My experience talking with scientists and reading science in the regenerative medicine field has shifted my opinion against this critique somewhat. Published papers are not the fundamental unit of science. Most labs are 2 years ahead of whatever they’ve published. There’s a lot of knowledge within the team that is not in the papers they put out.
Developing a field is a process of investment not in creating papers, but in creating skilled workers using a new array of developing technologies and techniques. The paper is a way of stimulating conversation and a loose measure of that productivity. But just because the papers aren’t good doesn’t mean there’s no useful learning going on, or that science is progressing in a wasteful manner. It’s just less legible to the public.
For example, I read and discussed with the authors a paper on a bioprinting experiment.

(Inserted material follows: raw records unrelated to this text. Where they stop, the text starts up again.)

locale biadditive_family =
  fixes \<mu> :: "nat \<Rightarrow> 'a::ab_group_add \<Rightarrow> 'a \<Rightarrow> 'a"
  assumes add_left: "\<mu> k (u + u') v = \<mu> k u v + \<mu> k u' v"
    and add_right: "\<mu> k u (v + v') = \<mu> k u v + \<mu> k u v'"
begin

lemma zero_left [simp]: "\<mu> k 0 v = 0"
  using add_left[of k 0 0 v] by simp

lemma zero_right [simp]: "\<mu> k u 0 = 0"
  using add_right[of k u 0 0] by simp

definition series_prod :: "(nat \<Rightarrow> 'a) \<Rightarrow> (nat \<Rightarrow> 'a) \<Rightarrow> nat \<Rightarrow> 'a" where
  "series_prod f g = (\<lambda>n. \<Sum>k\<le>n. \<Sum>i\<le>n - k. \<mu> k (f i) (g (n - k - i)))"

lemma series_prod_add_left:
  "series_prod (\<lambda>n. f n + f' n) g = (\<lambda>n. series_prod f g n + series_prod f' g n)"
  unfolding series_prod_def by (simp add: add_left sum.distrib)

lemma series_prod_add_right:
  "series_prod f (\<lambda>n. g n + g' n) = (\<lambda>n. series_prod f g n + series_prod f g' n)"
  unfolding series_prod_def by (simp add: add_right sum.distrib)

lemma series_prod_shift_left: "series_prod (series_shift f) g = series_shift (series_prod f g)"
proof (rule ext)
  fix n show "series_prod (series_shift f) g n = series_shift (series_prod f g) n"
  proof (cases n)
    case (Suc m)
    have "(\<Sum>i\<le>Suc m - k. \<mu> k (series_shift f i) (g (Suc m - k - i)))
        = (\<Sum>i\<le>m - k. \<mu> k (f i) (g (m - k - i)))" if "k \<le> m" for k
    proof -
      have Suc_diff: "Suc m - k = Suc (m - k)" using that by simp
      show ?thesis
        unfolding Suc_diff sum.atMost_Suc_shift by (simp add: series_shift_def)
    qed
    then have "series_prod (series_shift f) g (Suc m)
        = (\<Sum>k\<le>m. \<Sum>i\<le>m - k. \<mu> k (f i) (g (m - k - i)))"
      unfolding series_prod_def by (simp add: series_shift_def)
    then show ?thesis
      using Suc by (simp add: series_prod_def series_shift_def)
  qed (simp add: series_prod_def series_shift_def)
qed

lemma series_prod_shift_right: "series_prod f (series_shift g) = series_shift (series_prod f g)"
proof (rule ext)
  fix n show "series_prod f (series_shift g) n = series_shift (series_prod f g) n"
  proof (cases n)
    case (Suc m)
    have "(\<Sum>i\<le>Suc m - k. \<mu> k (f i) (series_shift g (Suc m - k - i)))
        = (\<Sum>i\<le>m - k. \<mu> k (f i) (g (m - k - i)))" if "k \<le> m" for k
    proof -
      have Suc_diff: "Suc m - k = Suc (m - k)" using that by simp
      have "(\<Sum>i\<le>m - k. \<mu> k (f i) (series_shift g (Suc (m - k) - i)))
          = (\<Sum>i\<le>m - k. \<mu> k (f i) (g (m - k - i)))"
        by (rule sum.cong[OF refl]) (simp add: series_shift_def Suc_diff_le)
      then show ?thesis
        unfolding Suc_diff sum.atMost_Suc by (simp add: series_shift_def)
    qed
    then show ?thesis
      using Suc by (simp add: series_prod_def series_shift_def)
  qed (simp add: series_prod_def series_shift_def)
qed

lemma series_prod_const_left: "series_prod (series_const a) g n = (\<Sum>k\<le>n. \<mu> k a (g (n - k)))"
proof -
  have "\<mu> k (series_const a i) v = (if i = 0 then \<mu> k a v else 0)" for k i v
    by (simp add: series_const_def)
  then show ?thesis unfolding series_prod_def by simp
qed

lemma series_prod_const_right: "series_prod f (series_const b) n = (\<Sum>k\<le>n. \<mu> k (f (n - k)) b)"
proof -
  have "(\<Sum>i\<le>n - k. \<mu> k (f i) (series_const b (n - k - i))) = \<mu> k (f (n - k)) b" for k
  proof -
    have "(\<Sum>i\<le>n - k. \<mu> k (f i) (series_const b (n - k - i)))
        = (\<Sum>i\<le>n - k. if i = n - k then \<mu> k (f i) b else 0)"
      by (rule sum.cong) (auto simp: series_const_def)
    then show ?thesis by simp
  qed
  then show ?thesis unfolding series_prod_def by simp
qed

lemma series_prod_const_const: "series_prod (series_const a) (series_const b) n = \<mu> n a b"
proof -
  have "(\<Sum>k\<le>n. \<mu> k a (series_const b (n - k))) = (\<Sum>k\<le>n. if k = n then \<mu> k a b else 0)"
    by (rule sum.cong) (auto simp: series_const_def)
  then show ?thesis unfolding series_prod_const_left by simp
qed

text \<open>Associativity of the series product only has to be checked on constant series,
  i.e. degree by degree on elements; induction on the degree handles the remaining summands,
  which are multiples of \<open>\<hbar>\<close>.\<close>

lemma series_prod_assoc:
  assumes assoc: "\<And>N a b c. (\<Sum>k\<le>N. \<mu> k (\<mu> (N - k) a b) c) = (\<Sum>k\<le>N. \<mu> k a (\<mu> (N - k) b c))"
  shows "series_prod (series_prod f g) h = series_prod f (series_prod g h)"
proof -
  have "series_prod (series_prod f g) h n = series_prod f (series_prod g h) n" for f g h n
  proof (induction n arbitrary: f g h rule: less_induct)
    case (less n)
    have IH: "series_shift (series_prod (series_prod f g) h) n = series_shift (series_prod f (series_prod g h)) n"
      for f g h
      using less[of "n - 1"] by (cases "n = 0") (simp_all add: series_shift_def)
    have const3: "series_prod (series_prod (series_const a) (series_const b)) (series_const c) n
        = series_prod (series_const a) (series_prod (series_const b) (series_const c)) n" for a b c
      by (simp only: series_prod_const_right[of "series_prod _ _"]
          series_prod_const_left[of a] series_prod_const_const assoc)
    have const2: "series_prod (series_prod (series_const a) (series_const b)) h n
        = series_prod (series_const a) (series_prod (series_const b) h) n" for a b h
      by (subst (1 2) series_const_plus_shift[of h])
        (simp add: series_prod_add_right series_prod_shift_right const3 IH)
    have const1: "series_prod (series_prod (series_const a) g) h n
        = series_prod (series_const a) (series_prod g h) n" for a g h
      by (subst (1 2) series_const_plus_shift[of g])
        (simp add: series_prod_add_left series_prod_add_right series_prod_shift_left
          series_prod_shift_right const2 IH)
    show ?case
      by (subst (1 2) series_const_plus_shift[of f])
        (simp add: series_prod_add_left series_prod_shift_left const1 IH)
  qed
  then show ?thesis by (intro ext)
qed

end

lemma sum_triangle_rotate:
  fixes T :: "nat \<Rightarrow> nat \<Rightarrow> nat \<Rightarrow> 'b::comm_monoid_add"
  shows "(\<Sum>k\<le>N. \<Sum>j\<le>k. T (k - j) (N - k) j) = (\<Sum>p\<le>N. \<Sum>i\<le>p. T (N - p) i (p - i))"
proof -
  have "(\<Sum>k\<le>N. \<Sum>j\<le>k. T (k - j) (N - k) j) = (\<Sum>(j, m)\<in>{(i, j). i + j \<le> N}. T m (N - (j + m)) j)"
    unfolding sum.triangle_reindex_eq[of "\<lambda>j m. T m (N - (j + m)) j"]
    by (intro sum.cong refl) simp
  also have "\<dots> = (\<Sum>(i, j)\<in>{(i, j). i + j \<le> N}. T (N - (i + j)) i j)"
    by (rule sum.reindex_bij_witness[where i="\<lambda>(i, j). (j, N - (i + j))" and j="\<lambda>(j, m). (N - (j + m), j)"])
      auto
  also have "\<dots> = (\<Sum>p\<le>N. \<Sum>i\<le>p. T (N - p) i (p - i))"
    unfolding sum.triangle_reindex_eq[of "\<lambda>i j. T (N - (i + j)) i j"]
    by (intro sum.cong refl) simp
  finally show ?thesis .
qed

context module
begin

lemma module_hom_funpow: "module_hom scale scale T \<Longrightarrow> module_hom scale scale (T ^^ n)"
  by (induct n) (simp_all add: module_hom_id module_hom_compose del: comp_apply)

lemma sum_binomial_Suc:
  fixes A :: "nat \<Rightarrow> nat \<Rightarrow> 'b"
  shows "(\<Sum>j\<le>k. scale (of_nat (k choose j)) (A (Suc j) (k - j) + A j (Suc k - j)))
       = (\<Sum>j\<le>Suc k. scale (of_nat (Suc k choose j)) (A j (Suc k - j)))"
proof -
  have "(\<Sum>j\<le>k. scale (of_nat (k choose j)) (A j (Suc k - j)))
      = (\<Sum>j\<le>Suc k. scale (of_nat (k choose j)) (A j (Suc k - j)))"
    by (simp add: binomial_eq_0)
  also have "\<dots> = A 0 (Suc k) + (\<Sum>j\<le>k. scale (of_nat (k choose Suc j)) (A (Suc j) (k - j)))"
    by (subst sum.atMost_Suc_shift) simp
  finally have shifted: "(\<Sum>j\<le>k. scale (of_nat (k choose j)) (A j (Suc k - j)))
      = A 0 (Suc k) + (\<Sum>j\<le>k. scale (of_nat (k choose Suc j)) (A (Suc j) (k - j)))" .
  have "(\<Sum>j\<le>Suc k. scale (of_nat (Suc k choose j)) (A j (Suc k - j)))
     = A 0 (Suc k) + (\<Sum>j\<le>k. scale (of_nat (k choose j) + of_nat (k choose Suc j)) (A (Suc j) (k - j)))"
    by (subst sum.atMost_Suc_shift) simp
  also have "\<dots> = A 0 (Suc k) + (\<Sum>j\<le>k. scale (of_nat (k choose j)) (A (Suc j) (k - j)))
      + (\<Sum>j\<le>k. scale (of_nat (k choose Suc j)) (A (Suc j) (k - j)))"
    by (simp add: scale_left_distrib sum.distrib algebra_simps)
  finally show ?thesis
    using shifted by (simp add: scale_right_distrib sum.distrib algebra_simps)
qed

end

lemma of_nat_mult_ring_inv:
  assumes "contains_rationals TYPE('r::comm_ring_1)" and "n > 0"
  shows "of_nat n * ring_inv (of_nat n :: 'r) = 1"
proof -
  obtain s :: 'r where s: "of_nat n * s = 1"
    using assms unfolding contains_rationals_def by blast
  have "\<exists>!s. (of_nat n :: 'r) * s = 1"
  proof
    show "of_nat n * s = 1" by (rule s)
  next
    fix s' :: 'r assume "of_nat n * s' = 1"
    then have "s * (of_nat n * s') = s" by simp
    then show "s' = s" using s by (simp add: mult.assoc[symmetric] mult.commute[of s])
  qed
  then show ?thesis unfolding ring_inv_def by (rule theI')
qed

lemma binomial_mult_ring_inv_fact:
  assumes "contains_rationals TYPE('r::comm_ring_1)" and "j \<le> n"
  shows "of_nat (n choose j) * ring_inv (of_nat (fact n) :: 'r)
    = ring_inv (of_nat (fact j)) * ring_inv (of_nat (fact (n - j)))"
proof -
  have inv: "of_nat (fact m) * ring_inv (of_nat (fact m) :: 'r) = 1" for m
    using of_nat_mult_ring_inv[OF assms(1)] by simp
  let ?i = "\<lambda>m. ring_inv (of_nat (fact m) :: 'r)"
  have fact: "of_nat (fact j) * of_nat (fact (n - j)) * of_nat (n choose j) = (of_nat (fact n) :: 'r)"
    by (metis binomial_fact_lemma[OF assms(2)] of_nat_mult)
  have "of_nat (n choose j) * ?i n
      = (of_nat (n choose j) * ?i n) * (of_nat (fact j) * ?i j) * (of_nat (fact (n - j)) * ?i (n - j))"
    by (simp add: inv)
  also have "\<dots> = (of_nat (fact j) * of_nat (fact (n - j)) * of_nat (n choose j) * ?i n) * (?i j * ?i (n - j))"
    by (simp add: ac_simps)
  also have "\<dots> = ?i j * ?i (n - j)"
    by (simp add: fact inv)
  finally show ?thesis .
qed

section \<open>Derivations of an algebra\<close>

locale scalar_algebra =
  fixes scale :: "'r::comm_ring_1 \<Rightarrow> 'a::ring \<Rightarrow> 'a"
  assumes assoc_algebra: "assoc_algebra scale"
begin

sublocale module scale
  using assoc_algebra unfolding assoc_algebra_def by blast

lemma scale_mult_left: "scale r a * b = scale r (a * b)"
  using assoc_algebra unfolding assoc_algebra_def by metis

lemma scale_mult_right: "a * scale r b = scale r (a * b)"
  using assoc_algebra unfolding assoc_algebra_def by metis

end

locale algebra_derivation = scalar_algebra scale
  for scale :: "'r::comm_ring_1 \<Rightarrow> 'a::ring \<Rightarrow> 'a" +
  fixes D :: "'a \<Rightarrow> 'a"
  assumes derivation: "derivation scale D"
begin

lemma D_add: "D (a + b) = D a + D b"
  using derivation unfolding derivation_def by blast

lemma D_scale: "D (scale r a) = scale r (D a)"
  using derivation unfolding derivation_def by blast

lemma D_mult: "D (a * b) = D a * b + a * D b"
  using derivation unfolding derivation_def by blast

lemma module_hom_D: "module_hom scale scale D"
  by (simp add: module_hom_iff module_axioms D_add D_scale)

They produced a one centimeter cube of human tissue via extrusion bioprinting. The materials and methods aren’t rigorously controllable enough for reproducibility. They use decellularized pig hearts from the local butcher (what’s it been eating, what were its genetics, how was it raised?), and an involved manual process to process and extrude the materials.
Several scientists in the field have cautioned me against assuming that figures in published data are reproducible. Yet does that mean the field is worthless? Not at all. New bioprinting methods continue to be developed. The limits of achievement continue to expand. Humanity is developing a cadre of bioengineers who know how to work with this stuff and sometimes go on to found companies with their refined techniques.
It’s the ability to create skilled workers in new manufacturing and measurement techniques, skilled thinkers in some line of theory, that is an important product of science. Reproducibility is important, but that’s what you get after a lot of preliminary work to figure out how to work with the materials and equipment and ideas.